Direksi PT. Perkebunan Nusantara 3 Medan, Perpustakaan dan Arsip Daerah Kabupaten Deli Serdang, Perpustakaan dan Arsip Daerah Sumatera Utara satu pun tak membuahkan hasil. Instansi-instansi di atas berargumen banyak arsip yang sudah dimusnahkan. Beruntung sekali penulis mendapatkan beberapa arsip penting mengenai Sejarah Rumah Sakit Petumbukan yang merupakan koleksi pribadi (Alm.) H. Sabar, mantan Kepala Perawat di Rumah Sakit Petumbukan. Sebagai Kepala Perawat, (Alm.) H. Sabar menguasai bidang keperawatan dan ia juga mengetahui banyak tentang administrasi/ pembukuan di rumah sakit ini. Dikarenakan minatnya dalam mengoleksi dokumen-dokumen penting, sehingga arsip mengenai Rumah Sakit Petumbukan ini menjadi sangat penting dan banyak memberikan informasi bagi penulis dalam melakukan penelitian ini.

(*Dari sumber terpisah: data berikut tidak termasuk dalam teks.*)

(* Let $a,b,c\in\mathbb{R}$ and $P_2:\ell_\infty^2(\mathbb{C})\to\mathbb{C}$, $P_2(z_1,z_2)=az_1^2+bz_2^2+cz_1z_2$. Then $$\|P_2\|=\begin{cases}|a+b|+|c| & \text{if } ab\ge0 \text{ or } |c(a+b)|>4|ab|,\\[2pt] (|a|+|b|)\sqrt{1+\dfrac{c^2}{4|ab|}} & \text{otherwise.}\end{cases}$$
   Context: $\ell_\infty^2(\mathbb{C})$ is $\mathbb{C}^2$ with the sup norm, and $\|P_2\|=\sup\{|P_2(z_1,z_2)|:|z_1|\le1,|z_2|\le1\}$. *)

theory Defs
  imports "HOL-Analysis.Analysis"
begin

definition P2 :: "real \<Rightarrow> real \<Rightarrow> real \<Rightarrow> complex \<Rightarrow> complex \<Rightarrow> complex" where
  "P2 a b c z1 z2 = of_real a * z1^2 + of_real b * z2^2 + of_real c * z1 * z2"

definition poly_norm2 :: "(complex \<Rightarrow> complex \<Rightarrow> complex) \<Rightarrow> real" where
  "poly_norm2 P = (SUP z \<in> {z :: complex \<times> complex. norm (fst z) \<le> 1 \<and> norm (snd z) \<le> 1}.
                     norm (P (fst z) (snd z)))"

end

theory Submission
  imports Defs "HOL-Complex_Analysis.Conformal_Mappings"
begin

(* Since P2 is homogeneous of degree 2, for |z1| <= |z2| we have
   P2(z1,z2) = z2^2 q(z1/z2) with q(w) = a w^2 + c w + b, and the case |z2| < |z1| is the
   same after swapping a and b (the claimed value is symmetric in a, b).  By the maximum
   modulus principle, max |q| over the closed unit disk is max |q| over the unit circle.
   On the circle, |q(v)|^2 depends only on x = Re v; it is the real quadratic
     g(x) = 4ab x^2 + 2c(a+b) x + c^2 + (a-b)^2,
   so the whole problem reduces to maximizing g over [-1,1].  If ab >= 0, or if the vertex
   of g lies outside [-1,1] (|c(a+b)| > 4|ab|), the maximum is at x = +-1 and equals
   (|a+b| + |c|)^2; otherwise it is attained at the vertex x = c(a+b)/(4|ab|), where an
   exact "completing the square" identity gives the value (|a|+|b|)^2 (1 + c^2/(4|ab|)). *)

definition norm_formula :: "real \<Rightarrow> real \<Rightarrow> real \<Rightarrow> real" where
  "norm_formula a b c = (if a * b \<ge> 0 \<or> \<bar>c * (a + b)\<bar> > 4 * \<bar>a * b\<bar>
     then \<bar>a + b\<bar> + \<bar>c\<bar>
     else (\<bar>a\<bar> + \<bar>b\<bar>) * sqrt (1 + c^2 / (4 * \<bar>a * b\<bar>)))"

lemma norm_formula_outer:
  "a * b \<ge> 0 \<or> \<bar>c * (a + b)\<bar> > 4 * \<bar>a * b\<bar> \<Longrightarrow> norm_formula a b c = \<bar>a + b\<bar> + \<bar>c\<bar>"
  unfolding norm_formula_def by (rule if_P)

lemma norm_formula_inner:
  "\<not> (a * b \<ge> 0 \<or> \<bar>c * (a + b)\<bar> > 4 * \<bar>a * b\<bar>) \<Longrightarrow>
   norm_formula a b c = (\<bar>a\<bar> + \<bar>b\<bar>) * sqrt (1 + c^2 / (4 * \<bar>a * b\<bar>))"
  unfolding norm_formula_def by (rule if_not_P)

lemma norm_formula_nonneg: "norm_formula a b c \<ge> 0"
proof -
  have "0 \<le> (\<bar>a\<bar> + \<bar>b\<bar>) * sqrt (1 + c^2 / (4 * \<bar>a * b\<bar>))"
    by (intro mult_nonneg_nonneg real_sqrt_ge_zero add_nonneg_nonneg divide_nonneg_nonneg) auto
  then show ?thesis unfolding norm_formula_def by (simp only: if_split) (intro conjI impI; simp_all)
qed

(* The formula is symmetric in a and b, matching the symmetry z1 <-> z2 of the bidisk. *)
lemma norm_formula_swap: "norm_formula b a c = norm_formula a b c"
proof -
  have "b * a = a * b" "b + a = a + b" "\<bar>b\<bar> + \<bar>a\<bar> = \<bar>a\<bar> + \<bar>b\<bar>" by simp_all
  then show ?thesis unfolding norm_formula_def by (simp only:)
qed

(* g(x) = |a v^2 + c v + b|^2 for a point v of the unit circle with Re v = x. *)
definition circle_profile :: "real \<Rightarrow> real \<Rightarrow> real \<Rightarrow> real \<Rightarrow> real" where
  "circle_profile a b c x = 4*a*b*x^2 + 2*c*(a+b)*x + c^2 + (a-b)^2"

lemma norm_quadratic_on_circle:
  fixes a b c :: real and v :: complex
  assumes "cmod v = 1"
  shows "(cmod (of_real a * v^2 + of_real c * v + of_real b))^2 = circle_profile a b c (Re v)"
proof -
  have unit: "(Im v)^2 = 1 - (Re v)^2"
    using assms cmod_power2[of v] by simp
  have "of_real a * v^2 + of_real c * v + of_real b
      = Complex (a*((Re v)^2 - (Im v)^2) + c * Re v + b) (Im v * (2*a*Re v + c))"
    by (simp add: complex_eq_iff power2_eq_square algebra_simps)
  then have "(cmod (of_real a * v^2 + of_real c * v + of_real b))^2
      = (a*((Re v)^2 - (Im v)^2) + c * Re v + b)^2 + (Im v)^2 * (2*a*Re v + c)^2"
    by (simp add: cmod_power2 power_mult_distrib)
  also have "\<dots> = circle_profile a b c (Re v)"
    unfolding unit circle_profile_def by (simp add: power2_eq_square algebra_simps)
  finally show ?thesis .
qed

(* Value of g at the endpoint x = +-1 chosen so that c(a+b) x = |c(a+b)|. *)
lemma circle_profile_endpoint:
  fixes a b c :: real
  defines "x \<equiv> if c * (a + b) \<ge> 0 then 1 else -1 :: real"
  shows "circle_profile a b c x = (\<bar>a+b\<bar> + \<bar>c\<bar>)^2"
proof -
  have "x^2 = 1" "c * (a + b) * x = \<bar>c\<bar> * \<bar>a + b\<bar>"
    by (auto simp: x_def abs_mult[symmetric])
  then show ?thesis unfolding circle_profile_def
    by (simp add: power2_sum power2_eq_square algebra_simps)
qed

(* If ab >= 0 then g is convex, and if |c(a+b)| > 4|ab| its linear term dominates; in both
   cases g is bounded on [-1,1] by its value at the better endpoint. *)
lemma circle_profile_le_endpoints:
  assumes "\<bar>x\<bar> \<le> 1" and "a * b \<ge> 0 \<or> \<bar>c * (a + b)\<bar> > 4 * \<bar>a * b\<bar>"
  shows "circle_profile a b c x \<le> (\<bar>a+b\<bar> + \<bar>c\<bar>)^2"
proof -
  define K where "K = c * (a + b)"
  have x2: "x^2 = \<bar>x\<bar>^2" "\<bar>x\<bar>^2 \<le> 1"
    using assms(1) by (auto simp: abs_le_square_iff[of x 1, simplified])
  have linear: "K * x \<le> \<bar>K\<bar> * \<bar>x\<bar>"
    by (metis abs_ge_self abs_mult)
  have "2 * K * x - 4 * a * b * (1 - x^2) \<le> 2 * \<bar>K\<bar>"
    using assms(2)
  proof (elim disjE)
    assume "a * b \<ge> 0"
    then have "4 * a * b * (1 - x^2) \<ge> 0" using x2 by simp
    moreover have "\<bar>K\<bar> * \<bar>x\<bar> \<le> \<bar>K\<bar>" using assms(1) by (simp add: mult_left_le)
    ultimately show ?thesis using linear by linarith
  next
    assume large: "\<bar>c * (a + b)\<bar> > 4 * \<bar>a * b\<bar>"
    have "- 4 * a * b * (1 - x^2) \<le> 4 * \<bar>a * b\<bar> * (1 - x^2)"
      using x2 by (intro mult_right_mono) auto
    also have "\<dots> = 4 * \<bar>a * b\<bar> * ((1 - \<bar>x\<bar>) * (1 + \<bar>x\<bar>))"
      using x2(1) by (simp add: power2_eq_square algebra_simps)
    also have "\<dots> \<le> 4 * \<bar>a * b\<bar> * ((1 - \<bar>x\<bar>) * 2)"
      using assms(1) by (intro mult_left_mono) auto
    also have "\<dots> = (8 * \<bar>a * b\<bar>) * (1 - \<bar>x\<bar>)" by simp
    also have "\<dots> \<le> (2 * \<bar>K\<bar>) * (1 - \<bar>x\<bar>)"
      using large assms(1) unfolding K_def by (intro mult_right_mono) auto
    finally show ?thesis using linear by (simp add: algebra_simps)
  qed
  moreover have "(\<bar>a+b\<bar> + \<bar>c\<bar>)^2 = (a+b)^2 + c^2 + 2 * \<bar>K\<bar>"
    unfolding K_def by (simp add: power2_sum abs_mult)
  ultimately show ?thesis
    unfolding circle_profile_def K_def by (simp add: power2_eq_square algebra_simps)
qed

(* For ab < 0, completing the square: the gap between the vertex value and g(x) is a perfect
   square, vanishing exactly at the vertex x = c(a+b)/(4|ab|). *)
lemma circle_profile_tangent:
  assumes "a * b < 0"
  shows "4*\<bar>a*b\<bar> * (((\<bar>a\<bar> + \<bar>b\<bar>) * sqrt (1 + c^2 / (4 * \<bar>a * b\<bar>)))^2 - circle_profile a b c x)
       = (c*(a+b) - 4*\<bar>a*b\<bar>*x)^2"
proof -
  define m where "m = \<bar>a*b\<bar>"
  have m: "m = - (a*b)" "m > 0" "a \<noteq> 0" "b \<noteq> 0" using assms by (auto simp: m_def)
  have sum_sq: "(\<bar>a\<bar> + \<bar>b\<bar>)^2 = (a-b)^2"
    using assms by (auto simp: power2_eq_square abs_if algebra_simps mult_less_0_iff)
  have root_sq: "(sqrt (1 + c^2 / (4 * m)))^2 = 1 + c^2 / (4 * m)"
    using m(2) by (intro real_sqrt_pow2) (simp add: add_nonneg_nonneg)
  have "4*m * ((a-b)^2 * (1 + c^2 / (4 * m)) - circle_profile a b c x) = (c*(a+b) - 4*m*x)^2"
    unfolding circle_profile_def m(1) using m(2-) unfolding m(1)
    by (simp add: field_simps power2_eq_square)
  then show ?thesis unfolding m_def[symmetric] power_mult_distrib sum_sq root_sq .
qed

lemma circle_profile_le_norm_formula:
  assumes "\<bar>x\<bar> \<le> 1"
  shows "circle_profile a b c x \<le> (norm_formula a b c)^2"
proof (cases "a * b \<ge> 0 \<or> \<bar>c * (a + b)\<bar> > 4 * \<bar>a * b\<bar>")
  case True
  then show ?thesis using circle_profile_le_endpoints[OF assms] by (simp only: norm_formula_outer)
next
  case False
  then have ab: "a * b < 0" by simp
  have "0 \<le> 4*\<bar>a*b\<bar> * ((norm_formula a b c)^2 - circle_profile a b c x)"
    unfolding norm_formula_inner[OF False] circle_profile_tangent[OF ab] by simp
  moreover have "4*\<bar>a*b\<bar> > 0" using ab by simp
  ultimately show ?thesis by (simp add: zero_le_mult_iff)
qed

lemma circle_profile_attains_norm_formula:
  obtains x where "\<bar>x\<bar> \<le> 1" "circle_profile a b c x = (norm_formula a b c)^2"
proof (cases "a * b \<ge> 0 \<or> \<bar>c * (a + b)\<bar> > 4 * \<bar>a * b\<bar>")
  case True
  show ?thesis
    by (rule that[of "if c * (a + b) \<ge> 0 then 1 else -1"])
       (simp_all only: circle_profile_endpoint norm_formula_outer[OF True], simp)
next
  case False
  then have ab: "a * b < 0" by simp
  define x where "x = c * (a + b) / (4 * \<bar>a * b\<bar>)"
  have "\<bar>x\<bar> = \<bar>c * (a + b)\<bar> / (4 * \<bar>a * b\<bar>)"
    unfolding x_def abs_divide by simp
  also have "\<dots> \<le> 1"
    using False ab by (intro divide_le_eq_1_pos[THEN iffD2]) auto
  finally have "\<bar>x\<bar> \<le> 1" .
  moreover have "4 * \<bar>a * b\<bar> \<noteq> 0" using ab by auto
  then have "c * (a + b) - 4 * \<bar>a * b\<bar> * x = 0"
    unfolding x_def by simp
  then have "4*\<bar>a*b\<bar> * ((norm_formula a b c)^2 - circle_profile a b c x) = 0"
    unfolding norm_formula_inner[OF False] circle_profile_tangent[OF ab] by simp
  then have "circle_profile a b c x = (norm_formula a b c)^2"
    using ab by auto
  ultimately show ?thesis by (rule that)
qed

lemma unit_with_real_part:
  fixes x :: real assumes "\<bar>x\<bar> \<le> 1"
  obtains v :: complex where "cmod v = 1" "Re v = x"
proof
  define v where "v = Complex x (sqrt (1 - x^2))"
  have "x^2 \<le> 1" using assms abs_le_square_iff[of x 1] by simp
  then have "(cmod v)^2 = 1" by (simp add: v_def cmod_power2)
  then show "cmod v = 1" using norm_ge_zero[of v] by (auto simp: power2_eq_1_iff)
  show "Re v = x" by (simp add: v_def)
qed

lemma bound_on_disk_from_circle:
  fixes f :: "complex \<Rightarrow> complex"
  assumes "f holomorphic_on UNIV" and "\<And>v. cmod v = 1 \<Longrightarrow> cmod (f v) \<le> B" and "cmod w \<le> 1"
  shows "cmod (f w) \<le> B"
proof (rule maximum_modulus_frontier[of f "cball 0 1"])
  show "f holomorphic_on interior (cball 0 1)" "continuous_on (closure (cball 0 1)) f"
    using assms(1) by (auto intro: holomorphic_on_subset holomorphic_on_imp_continuous_on)
qed (use assms in auto)

lemma quadratic_le_norm_formula_on_disk:
  fixes w :: complex assumes "cmod w \<le> 1"
  shows "cmod (of_real a * w^2 + of_real c * w + of_real b) \<le> norm_formula a b c"
proof (rule bound_on_disk_from_circle[OF _ _ assms])
  show "(\<lambda>z. of_real a * z^2 + of_real c * z + of_real b) holomorphic_on UNIV"
    by (intro holomorphic_intros)
  fix v :: complex assume v: "cmod v = 1"
  have "(cmod (of_real a * v^2 + of_real c * v + of_real b))^2 \<le> (norm_formula a b c)^2"
    unfolding norm_quadratic_on_circle[OF v]
    using abs_Re_le_cmod[of v] v by (intro circle_profile_le_norm_formula) simp
  then show "cmod (of_real a * v^2 + of_real c * v + of_real b) \<le> norm_formula a b c"
    using norm_formula_nonneg by (rule power2_le_imp_le)
qed

lemma P2_dehomogenize:
  assumes "z2 \<noteq> 0"
  shows "P2 a b c z1 z2 = z2^2 * (of_real a * (z1/z2)^2 + of_real c * (z1/z2) + of_real b)"
  using assms by (simp add: P2_def field_simps power2_eq_square)

lemma P2_swap: "P2 a b c z1 z2 = P2 b a c z2 z1"
  by (simp add: P2_def algebra_simps)

lemma P2_le_norm_formula_half:
  assumes "cmod z1 \<le> cmod z2" "cmod z2 \<le> 1"
  shows "cmod (P2 a b c z1 z2) \<le> norm_formula a b c"
proof (cases "z2 = 0")
  case True
  then show ?thesis using assms norm_formula_nonneg by (simp add: P2_def)
next
  case False
  have "cmod (z1 / z2) \<le> 1" using assms False by (simp add: norm_divide divide_le_eq_1)
  then have "cmod (P2 a b c z1 z2) \<le> (cmod z2)^2 * norm_formula a b c"
    unfolding P2_dehomogenize[OF False] norm_mult norm_power
    by (intro mult_left_mono quadratic_le_norm_formula_on_disk) auto
  also have "\<dots> \<le> norm_formula a b c"
    using assms norm_formula_nonneg by (intro mult_left_le_one_le power_le_one) auto
  finally show ?thesis .
qed

lemma P2_le_norm_formula:
  assumes "cmod z1 \<le> 1" "cmod z2 \<le> 1"
  shows "cmod (P2 a b c z1 z2) \<le> norm_formula a b c"
proof (cases "cmod z1 \<le> cmod z2")
  case True
  then show ?thesis using P2_le_norm_formula_half assms by blast
next
  case False
  then show ?thesis
    using P2_le_norm_formula_half[of z2 z1 b a c] assms
    by (simp add: P2_swap[of a b c z1 z2] norm_formula_swap)
qed

(* The bound is attained at (v, 1) with v on the circle and Re v a maximizer of g. *)
lemma P2_attains_norm_formula:
  obtains z1 z2 where "cmod z1 \<le> 1" "cmod z2 \<le> 1" "cmod (P2 a b c z1 z2) = norm_formula a b c"
proof -
  obtain x where x: "\<bar>x\<bar> \<le> 1" "circle_profile a b c x = (norm_formula a b c)^2"
    by (rule circle_profile_attains_norm_formula)
  obtain v where v: "cmod v = 1" "Re v = x"
    using unit_with_real_part[OF x(1)] .
  have "P2 a b c v 1 = of_real a * v^2 + of_real c * v + of_real b"
    by (simp add: P2_def)
  then have "(cmod (P2 a b c v 1))^2 = (norm_formula a b c)^2"
    using norm_quadratic_on_circle[OF v(1), of a c b] v(2) x(2) by simp
  then have "cmod (P2 a b c v 1) = norm_formula a b c"
    using norm_formula_nonneg by (simp add: power2_eq_iff_nonneg)
  with v(1) show ?thesis by (intro that) auto
qed

theorem mainTheorem11:
  fixes a b c :: real
  shows "poly_norm2 (P2 a b c) =
    (if a * b \<ge> 0 \<or> \<bar>c * (a + b)\<bar> > 4 * \<bar>a * b\<bar>
     then \<bar>a + b\<bar> + \<bar>c\<bar>
     else (\<bar>a\<bar> + \<bar>b\<bar>) * sqrt (1 + c^2 / (4 * \<bar>a * b\<bar>)))"
proof -
  obtain z1 z2 where z: "cmod z1 \<le> 1" "cmod z2 \<le> 1" "cmod (P2 a b c z1 z2) = norm_formula a b c"
    by (rule P2_attains_norm_formula)
  have "poly_norm2 (P2 a b c) = norm_formula a b c"
    unfolding poly_norm2_def
  proof (rule cSup_eq_maximum)
    show "norm_formula a b c \<in> (\<lambda>z. cmod (P2 a b c (fst z) (snd z))) `
            {z. cmod (fst z) \<le> 1 \<and> cmod (snd z) \<le> 1}"
      using z by (intro image_eqI[of _ _ "(z1, z2)"]) auto
  qed (use P2_le_norm_formula in auto)
  then show ?thesis unfolding norm_formula_def .
qed

end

Selain itu penulis juga memperoleh arsip-arsip mengenai sengketa tanah yang didapatkan dari OK. Dirhamsyah Tousa dan OK. Ravii. Buku-buku yang menjadi acuan dalam penelitian ini, penulis dapatkan dari Perpustakaan Universitas Sumatera Utara, Perpustakaan Daerah Sumatera Utara, dan beberapa merupakan buku koleksi pribadi penulis. Melalui studi kepustakaan telah diperoleh data-data yang berkaitan dengan permasalahan serta merupakan acuan yang bersifat teoritis berupa sumber yang dapat mendukung dan memiliki relevansi dengan penelitian.
Selain itu juga dilakukan field research (penelitian lapangan) yang digunakan untuk mendapatkan sumber-sumber lisan melalui teknik wawancara. Field research dilakukan dengan menggunakan wawancara yang tidak berstruktur dan bersifat terbuka. Penulis melakukan wawancara melalui beberapa informan yang penulis anggap dapat memberikan keterangan dalam penelitian ini sebagai informasi tambahan. Dalam melakukan wawancara, penulis memilih informan yang mengetahui tentang masalah
yang dibahas, yaitu pihak ahli waris keluarga OK. Tousa, mantan pejabat dan pegawai PT. Perkebunan Nusantara 3 Cabang Sungei Karang dan Kantor Direksi Medan, yang pernah menjabat atau terlibat dengan rumah sakit ini, mereka yang pernah bertugas di rumah sakit ini, warga sekitar, serta mereka yang pernah menjadi pasien di Rumah Sakit Petumbukan ini.
Langkah kedua yang dilakukan adalah dengan verifikasi yakni kritik sumber. Kritik yang dilakukan yaitu kritik intern dan juga ekstern. Kritik intern diperlukan guna menilai kelayakan data sedangkan kritik ekstern digunakan untuk menentukan keabsahan data. Data yang sudah diverifikasi dapat diklasifikasikan sebagai fakta.
Tahapan selanjutnya adalah interpretasi. Dalam tahapan ini, fakta-fakta yang sudah diverifikasi, diinterpretasi agar terjadi jalinan antar-fakta. Objek kajian yang cukup jauh ke belakang membuat interpretasi menjadi sangat vital dan dibutuhkan keakuratan serta analisis yang tajam agar mendapat fakta sejarah yang bersifat objektif. Dengan kata lain, tahapan ini dilakukan dengan menyimpulkan kesaksian atau data-data informasi yang dapat dipercaya dari bahan-bahan yang ada.
Tahapan terakhir adalah historiografi, yakni penulisan yang disusun berdasarkan interpretasi fakta-fakta yang ditemukan menjadi suatu kisah atau kajian yang menarik dan berarti, secara kronologis dan rasional. Penulisan kembali sejarah agar membuat orang tertarik untuk membaca dan menjadi sarana rekreatif.